Ее слова вонзились в него, как нож. Он замер, его янтарные глаза сузились, пытаясь понять, что она скрывает. Он вспомнил ее взгляд на поле битвы, ее шепот о вине, но тогда он списал это на страх. Теперь же он чувствовал, как холод растет в его груди, как предчувствие, которое он гнал прочь, становится реальностью.
— Сакура, — сказал он тихо, но с силой, которая заставила ее замолчать.
— Если что-то мучает тебя, скажи мне. Я поклялся защищать тебя — не только от врагов, но от всего, что причиняет боль. Доверься мне.
Она посмотрела на него, и на миг в ее глазах мелькнула борьба — словно прежняя Сакура, нежная и любящая, пыталась пробиться сквозь тьму. Но этот миг прошел, и ее лицо снова стало непроницаемым. Она шагнула к нему, ее движения были медленными, почти угрожающими, и остановилась так близко, что он чувствовал ее дыхание — холодное, как лунный свет.
— Ты не можешь защитить меня от того, чего не видишь, — прошептала она, и каждое слово было как удар.
— Ты герой, Кэндзиро, но герои слепы. Ты видишь только свой долг, свою честь. А я… я вижу тени.
Он отступил на шаг, его лицо побледнело, а шрам на скуле, казалось, запылал. Ее слова ранили глубже, чем когти змея, потому что они были правдой — или частью правды, которую он не хотел принимать. Он хотел схватить ее, встряхнуть, заставить говорить, но его руки опустились, бессильные перед этим холодом.
— Я вижу тебя, — сказал он, его голос дрогнул, выдавая боль, которую он так долго сдерживал.
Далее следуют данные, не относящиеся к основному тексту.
(* Consider the deterministic multiclass single-server system MCSS(RO) described in the context, with all $\lambda_j>0$, $\rho<1$, and constants $\Gamma_{a,j},\Gamma_{s,j}\ge0$ such that for all $k\ge1$ and $j=1,\dots,J$, $$\Big|\sum_{i=1}^k U^j_i-\lambda_j^{-1}k\Big|\le\Gamma_{a,j}\phi(k),\qquad \Big|\sum_{i=1}^k V^j_i-\mu_j^{-1}k\Big|\le\Gamma_{s,j}\phi(k).$$ Let $\Gamma=\max_j(\Gamma_{a,j},\Gamma_{s,j})$ and assume $\min_j\lambda_j\Gamma\ge e^{2e}$. Let $B$ be the duration of the busy period initiated at time $0$. Then $$B\le \frac{5(4J+3)^2\bar\lambda_{\max}^3\Gamma^4}{(1-\rho)^2}\ln\ln\frac{2(4J+3)\bar\lambda_{\max}^2\Gamma^2}{1-\rho},$$ and $$\sup_{0\le t\le B}W(t)\le \frac{2(4J+3)^2\bar\lambda_{\max}^3\Gamma^4}{1-\rho}\ln\ln\frac{(4J+3)\bar\lambda_{\max}^2\Gamma^2}{1-\rho}+\Gamma+3\bar\lambda_{\max}^2\Gamma^3.$$
   Context: $\phi(x)=\sqrt{x\ln\ln x}$ for $x\ge e^e$ and $\phi(x)=1$ otherwise. MCSS(RO): one server, $J$ job classes with infinite buffers $B_1,\dots,B_J$; at time $0$ there is exactly one job in every buffer. For class $j$, deterministic nonnegative sequences $(U^j_k)_{k\ge1}$ (the $k$-th external arrival to class $j$ occurs at time $\sum_{i\le k}U^j_i$) and $(V^j_k)_{k\ge1}$ (service requirement of the $k$-th job of class $j$). $A_j(t)=\max\{k\ge0:\sum_{i=1}^kU^j_i\le t\}$, $A(t)=(A_j(t))_j$. Routing matrix $P\in\{0,1\}^{J\times J}$ with row sums in $\{0,1\}$ and $P^N=0$ for some $N$: after service in class $i$ a job moves to class $j$ if $P_{ij}=1$, otherwise leaves. The scheduling policy is an arbitrary work-conserving policy (FIFO within a class). $\lambda=(\lambda_j)$, $\bar\lambda=(I-P^T)^{-1}\lambda$, $\bar\lambda_{\max}=\max_j\bar\lambda_j$, $\bar A(t)=(I-P^T)^{-1}A(t)$, $m_j=\mu_j^{-1}$, $\rho=\sum_j\bar\lambda_j/\mu_j$. $W(t)$ is the workload at time $t$ (time needed to clear all work present, without further external arrivals); during the busy period starting at $0$ the paper uses the identity $W(t)=\sum_{j=1}^J\sum_{i=1}^{\bar A_j(t)}V^j_i-t$, and $B$ is the end of this busy period. *)

theory Defs
  imports "HOL-Analysis.Analysis"
begin

definition phi :: "real \<Rightarrow> real" where
  "phi x = (if x \<ge> exp (exp 1) then sqrt (x * ln (ln x)) else 1)"

text \<open>Matrix power (the vec power of the library is componentwise, so we define it).\<close>
fun matpow :: "real^'n^'n \<Rightarrow> nat \<Rightarrow> real^'n^'n" where
  "matpow A 0 = mat 1"
| "matpow A (Suc n) = A ** matpow A n"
— Я всегда видел тебя, Сакура. Даже теперь, когда ты прячешься за этими словами. Скажи мне, что это — страх? Проклятие? Я найду способ…
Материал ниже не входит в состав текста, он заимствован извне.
lemma (in prob_space) conv_in_prob_if_expectation_variance_tendsto:
  assumes [measurable]: "\<And>n. Y n \<in> borel_measurable M"
    and square_integrable: "\<And>n. integrable M (\<lambda>\<omega>. (Y n \<omega>)^2)"
    and expectation: "(\<lambda>n. expectation (Y n)) \<longlonglongrightarrow> c"
    and variance: "(\<lambda>n. variance (Y n)) \<longlonglongrightarrow> 0"
  shows "conv_in_prob M Y c"
  unfolding conv_in_prob_def
proof (intro allI impI)
  fix \<epsilon> :: real assume "\<epsilon> > 0"
  have "eventually (\<lambda>n. \<bar>expectation (Y n) - c\<bar> < \<epsilon> / 2) sequentially"
    using tendstoD[OF expectation, of "\<epsilon> / 2"] \<open>\<epsilon> > 0\<close> by (simp add: dist_real_def)
  then have bound: "eventually (\<lambda>n.
      prob {\<omega> \<in> space M. \<bar>Y n \<omega> - c\<bar> > \<epsilon>} \<le> variance (Y n) / (\<epsilon> / 2)^2) sequentially"
  proof eventually_elim
    case (elim n)
    have "{\<omega> \<in> space M. \<bar>Y n \<omega> - c\<bar> > \<epsilon>} \<subseteq> {\<omega> \<in> space M. \<bar>Y n \<omega> - expectation (Y n)\<bar> \<ge> \<epsilon> / 2}"
    proof (intro subsetI, elim CollectE conjE, intro CollectI conjI)
      fix \<omega> assume "\<omega> \<in> space M" "\<epsilon> < \<bar>Y n \<omega> - c\<bar>"
      have "\<bar>Y n \<omega> - c\<bar> \<le> \<bar>Y n \<omega> - expectation (Y n)\<bar> + \<bar>expectation (Y n) - c\<bar>"
        using abs_triangle_ineq[of "Y n \<omega> - expectation (Y n)" "expectation (Y n) - c"] by simp
      with elim \<open>\<epsilon> < \<bar>Y n \<omega> - c\<bar>\<close> show "\<epsilon> / 2 \<le> \<bar>Y n \<omega> - expectation (Y n)\<bar>"
        by linarith
    qed
    then have "prob {\<omega> \<in> space M. \<bar>Y n \<omega> - c\<bar> > \<epsilon>}
        \<le> prob {\<omega> \<in> space M. \<bar>Y n \<omega> - expectation (Y n)\<bar> \<ge> \<epsilon> / 2}"
      by (intro finite_measure_mono) auto
    also have "\<dots> \<le> variance (Y n) / (\<epsilon> / 2)^2"
      using \<open>\<epsilon> > 0\<close> by (intro Chebyshev_inequality square_integrable) auto
    finally show ?case .
  qed
  have nonneg: "eventually (\<lambda>n. 0 \<le> prob {\<omega> \<in> space M. \<bar>Y n \<omega> - c\<bar> > \<epsilon>}) sequentially"
    by simp
  have "(\<lambda>n. variance (Y n) / (\<epsilon> / 2)^2) \<longlonglongrightarrow> 0"
    using tendsto_divide[OF variance tendsto_const[of "(\<epsilon> / 2)^2"]] \<open>\<epsilon> > 0\<close> by simp
  then show "(\<lambda>n. prob {\<omega> \<in> space M. \<bar>Y n \<omega> - c\<bar> > \<epsilon>}) \<longlonglongrightarrow> 0"
    by (rule tendsto_sandwich[OF nonneg bound tendsto_const])
qed

locale stationary_gaussian_field = prob_space M for M :: "'a measure" +
  fixes Z :: "int \<times> int \<Rightarrow> 'a \<Rightarrow> real" and \<theta> :: real and R :: "int \<Rightarrow> int \<Rightarrow> real"
  assumes gaussian: "gaussian_process M Z"
    and stationary: "stationary2 M Z"
    and mean: "\<And>i j. expectation (Z (i, j)) = \<theta>"
    and covariance: "\<And>i j. R i j = expectation (\<lambda>\<omega>. (Z (0, 0) \<omega> - \<theta>) * (Z (i, j) \<omega> - \<theta>))"
begin

definition X :: "int \<times> int \<Rightarrow> 'a \<Rightarrow> real" where
  "X p \<omega> = Z p \<omega> - \<theta>"

lemma Z_measurable [measurable]: "Z p \<in> borel_measurable M"
  using gaussian unfolding gaussian_process_def by blast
Она рассмеялась — коротко, резко, и этот звук был как звон разбитого стекла. Она отвернулась, ее волосы качнулись, и несколько серых лепестков упали с ее кимоно, оседая на пол.
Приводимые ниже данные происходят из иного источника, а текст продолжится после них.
lemma I_mu_difference_quotient:
  assumes z0: "norm z0 < 1" and z1: "norm z1 < 1" and ne: "z1 \<noteq> z0"
  shows "(I_mu M f z1 - I_mu M f z0) / (z1 - z0)
      - (LINT t|M. f (complex_of_real t) * complex_of_real t / (1 - complex_of_real t * z0)^2)
    = (LINT t|M. f (complex_of_real t) * (complex_of_real t)^2 * (z1 - z0)
        / ((1 - complex_of_real t * z1) * (1 - complex_of_real t * z0)^2))"
proof -
  have nonzero: "1 - complex_of_real t * z \<noteq> 0" if "t \<in> space M" "norm z < 1" for t z
    using one_minus_norm_le_norm_one_minus_of_real_mult[of t z] that by (auto simp: space_M)
  have "(I_mu M f z1 - I_mu M f z0) / (z1 - z0)
      - (LINT t|M. f (complex_of_real t) * complex_of_real t / (1 - complex_of_real t * z0)^2)
    = (LINT t|M. (f (complex_of_real t) / (1 - complex_of_real t * z1)
        - f (complex_of_real t) / (1 - complex_of_real t * z0)) / (z1 - z0)
        - f (complex_of_real t) * complex_of_real t / (1 - complex_of_real t * z0)^2)"
    using integrable_I_mu_kernel[OF z0] integrable_I_mu_kernel[OF z1]
      integrable_I_mu_deriv_kernel[OF z0]
    by (simp add: I_mu_def)
  also have "\<dots> = (LINT t|M. f (complex_of_real t) * (complex_of_real t)^2 * (z1 - z0)
        / ((1 - complex_of_real t * z1) * (1 - complex_of_real t * z0)^2))"
    using kernel_difference_quotient nonzero z0 z1 ne
    by (intro Bochner_Integration.integral_cong) auto
  finally show ?thesis .
qed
— Способ? — переспросила она, ее голос стал тише, но в нем было столько горечи, что Кэндзиро почувствовал, как его сердце трескается.
— Ты не найдешь его, Кэндзиро. Потому что ты не знаешь, где искать.
Она вышла из комнаты, ее шаги были бесшумными, но тяжелыми, словно она несла на плечах невидимый груз. Дверь за ней закрылась, и Кэндзиро остался один, окруженный холодом, который исходил не от стен, а от пустоты, оставленной ее словами. Он посмотрел на свою катану, лежащую на столе, и впервые почувствовал отвращение к ней — не к оружию, а к тому, что оно не могло защитить его от этой боли.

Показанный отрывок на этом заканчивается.